A conversa foi bastante simpática, com referências a um amigo comum que era Raul Solnado. Falámos da vida diplomática, do 25 de Abril, de dom João VI e, inevitavelmente, das diferenças entre o português do Brasil e de Portugal. Com notas dele ao nosso "sotaque", claro. E também por lá se falou da sua paixão pela obra de Fernando Pessoa.
Tudo estava a correr com normalidade até a um momento em que a conversa se me tornou incómoda. Jô Soares procurou que eu o ajudasse a completar uma anedota que envolvia Salazar, ao tempo da sua doença. Eu conhecia bem a historieta, que, à época, tinha feito as delícias das graças ao café.
Um célebre cirurgião americano, Houston Merritt, tinha sido chamado a Lisboa para avaliar o estado de saúde de Salazar, que estava então internado num hospital. À cabeceira do ditador, encontrava-se o presidente da República, a figura algo caricata de Américo Tomaz. No termo da consulta, o médico foi inquirido sobre se, no final da recuperação, Salazar "ficaria bem". Merritt, olhando para Tomaz, teria dito: "Bem, bem, não ficará, mas sempre ficará melhor do que aquele que ali está..."
Jô Soares sabia mal a historieta e procurou a minha ajuda para completar a anedota. Não lhe dei "saída", fingindo que não me lembrava.
Certo ou errado, entendi que, como embaixador de Portugal, não me ficava bem colaborar no apoucamento, perante um auditório estrangeiro, de figuras de Estado portuguesas, por mais detestáveis que elas pudessem ter sido, como evidentemente era o caso. No Brasil, onde alguns milhões de pessoas viam o programa, viviam muitos portugueses que tinham da memória de Salazar e de Tomaz uma visão muito diferente da minha. E eu também era embaixador dessas pessoas.
E foi assim que, numa entrevista em que se procurou fazer graça, acabei por ficar aquilo que se pode dizer, desta vez com toda s propriedade, um pouco ”sem graça".
7 comentários:
Gostei imenso do vídeo. Tenho saudades de ouvir as saídas cómicas do Jô. Realmente não reconheci aquela figura de velhinho "caquetico" do Almirante. Aí o Jô exagerou mas aos cómicos de gabarito até "desculpamos".

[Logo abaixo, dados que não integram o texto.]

lemma mutant_test:
  assumes "J \<noteq> {}" and mt: "\<forall>j\<in>J. mt j \<in> Theta Act - supp (\<mu> j)"
    and mt_const: "\<forall>j\<in>J. \<exists>c. mt j = const_type Act c"
    and redirect: "\<And>\<theta>. \<forall>k. \<theta> k \<in> mutant_supp \<mu> J mt k \<Longrightarrow> r \<theta> \<in> supp_prof \<mu>"
    and redirect_mutants: "\<And>\<theta> k. \<theta> k \<noteq> r \<theta> k \<Longrightarrow> k \<in> J \<and> \<theta> k = mt k"
    and no_worse: "\<And>k. k \<in> J \<Longrightarrow> \<exists>t\<in>supp (\<mu> k). mutant_no_worse r J mt k t"
    and j: "j \<in> J" and t: "t \<in> supp (\<mu> j)" and no_worse_t: "mutant_no_worse r J mt j t"
    and \<theta>: "\<theta> \<in> opp_profiles (mutant_supp \<mu> J mt) j t"
  shows "EU Act (\<pi> j) (b (r \<theta>)) = EU Act (\<pi> j) (b (r (\<theta>(j := mt j))))"
proof -
  obtain eps where eps: "\<forall>j\<in>J. 0 < eps j \<and> eps j < 1"
    and balance: "\<And>b'. b' \<in> B1_focal Act (post_entry \<mu> J mt eps) \<mu> b \<Longrightarrow>
      \<forall>j\<in>J. \<exists>t\<in>supp (\<mu> j). avg_fit Act \<pi> (post_entry \<mu> J mt eps) b' j t
                            \<le> avg_fit Act \<pi> (post_entry \<mu> J mt eps) b' j (mt j) \<Longrightarrow>
      balanced Act \<pi> (post_entry \<mu> J mt eps) b'"
    using mutant_entry[OF assms(1) mt] by blast
  define \<mu>' where "\<mu>' = post_entry \<mu> J mt eps"
  have dist: "type_dist Act \<mu>'"
    unfolding \<mu>'_def by (rule type_dist_post_entry[OF type_dist eps mt])
  have supp': "supp (\<mu>' k) = mutant_supp \<mu> J mt k" for k
    using supp_post_entry[OF eps] mt unfolding \<mu>'_def by blast
  then have opp_eq: "supp \<circ> \<mu>' = mutant_supp \<mu> J mt" by auto
  have "(\<lambda>\<theta>. b (r \<theta>)) \<in> B1_focal Act \<mu>' \<mu> b"
  proof (rule redirected_focal)
    show "r \<theta> \<in> supp_prof \<mu>" if "\<theta> \<in> supp_prof \<mu>'" for \<theta>
      by (rule redirect) (use that supp' in \<open>auto simp: supp_prof_def\<close>)
    show "\<exists>c. \<theta> k = const_type Act c" if "\<theta> k \<noteq> r \<theta> k" for \<theta> k
      using redirect_mutants[OF that] mt_const by auto
    show "r \<theta> = \<theta>" if "\<theta> \<in> supp_prof \<mu>" for \<theta>
    proof
      show "r \<theta> k = \<theta> k" for k
      proof (rule ccontr)
        assume "r \<theta> k \<noteq> \<theta> k"
        then have "k \<in> J" and "\<theta> k = mt k" using redirect_mutants[of \<theta> k] by auto
        moreover have "\<theta> k \<in> supp (\<mu> k)" using that unfolding supp_prof_def by blast
        ultimately show False using mt by auto
      qed
    qed
  qed
  moreover have "avg_fit Act \<pi> \<mu>' (\<lambda>\<theta>. b (r \<theta>)) k t \<le> avg_fit Act \<pi> \<mu>' (\<lambda>\<theta>. b (r \<theta>)) k (mt k)"
    if "mutant_no_worse r J mt k t" for k t
    using that unfolding mutant_no_worse_def opp_eq[symmetric]
    by (intro avg_fit_mono_type type_distD(3)[OF dist]) blast
  ultimately have "balanced Act \<pi> \<mu>' (\<lambda>\<theta>. b (r \<theta>))"
    using balance no_worse unfolding \<mu>'_def by blast
  moreover have "t \<in> supp (\<mu>' j)" and "mt j \<in> supp (\<mu>' j)"
    using j t unfolding supp' mutant_supp_def by auto
  ultimately have "avg_fit Act \<pi> \<mu>' (\<lambda>\<theta>. b (r \<theta>)) j t = avg_fit Act \<pi> \<mu>' (\<lambda>\<theta>. b (r \<theta>)) j (mt j)"
    unfolding balanced_def by blast
  then show ?thesis
    using no_worse_t \<theta> unfolding mutant_no_worse_def opp_eq[symmetric]
    by (intro avg_fit_eq_imp_pointwise_eq[where m = \<mu>' and b = "\<lambda>\<theta>. b (r \<theta>)",
          OF type_distD(1)[OF dist] type_distD(3)[OF dist]]) auto
qed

Muito obrigada pelo presente.
Como sei que aceita de bom grado um reparo a uma simples distracção, ali no início do 3º parágrafo será "intelectualmente".
Tenho todos os livros dele, acho eu.
Penso que fez muito bem em não alimentar o anedotário do pais que representava. Não esperava outra coisa. Por isso me
espantou quando há dias considerou excessiva a reação da embaixada da Federação Russa aos impropérios do abrunhosa. Se na altura da sua entrevista o Jô Soares tivesse enveredado por mandar f... o salazar, Portugal e os portugueses, como teria reagido o Embaixador de Portugal ?
MRocha
Nossa, ele faleceu??
Grande pessoa. Nunca o conheci sem ser pela TV. Mas me passava aquela impressão de grandiosidade, simplicidade e iluminação. Inteligencia. Bondade. Proporcionou-me, como comunicador, grandes momentos de talk show. Sei que teve um filho autista e da vida pessoal pouco mais. Nem preciso saber. Mas acho que conviver com essa realidade tem de tornar a pessoa mais humilde, mais pé-no-chão. O que nem sempre é fácil para pessoas que trabalham num meio com esta exposição pública global.
Adorava o Jo e vou continuar a adorar. Ele e Joan Rivers, Don Rickles: inteligência, ousadia, visão interior. Contribuiram melhor que muitos políticos para o melhoramento da sociedade através do humor e pelo verdadeiro sentido e importância da liberdade.
Respeito.
E o vídeo, senhor embaixador?
João Cabral: https://globoplay.globo.com/v/4405889/
Gostei de ver, senhor embaixador. Apenas um reparo: "algaraviada" nada tem que ver com o Algarve. Jô Soares, note-se, foi um crítico do AO90.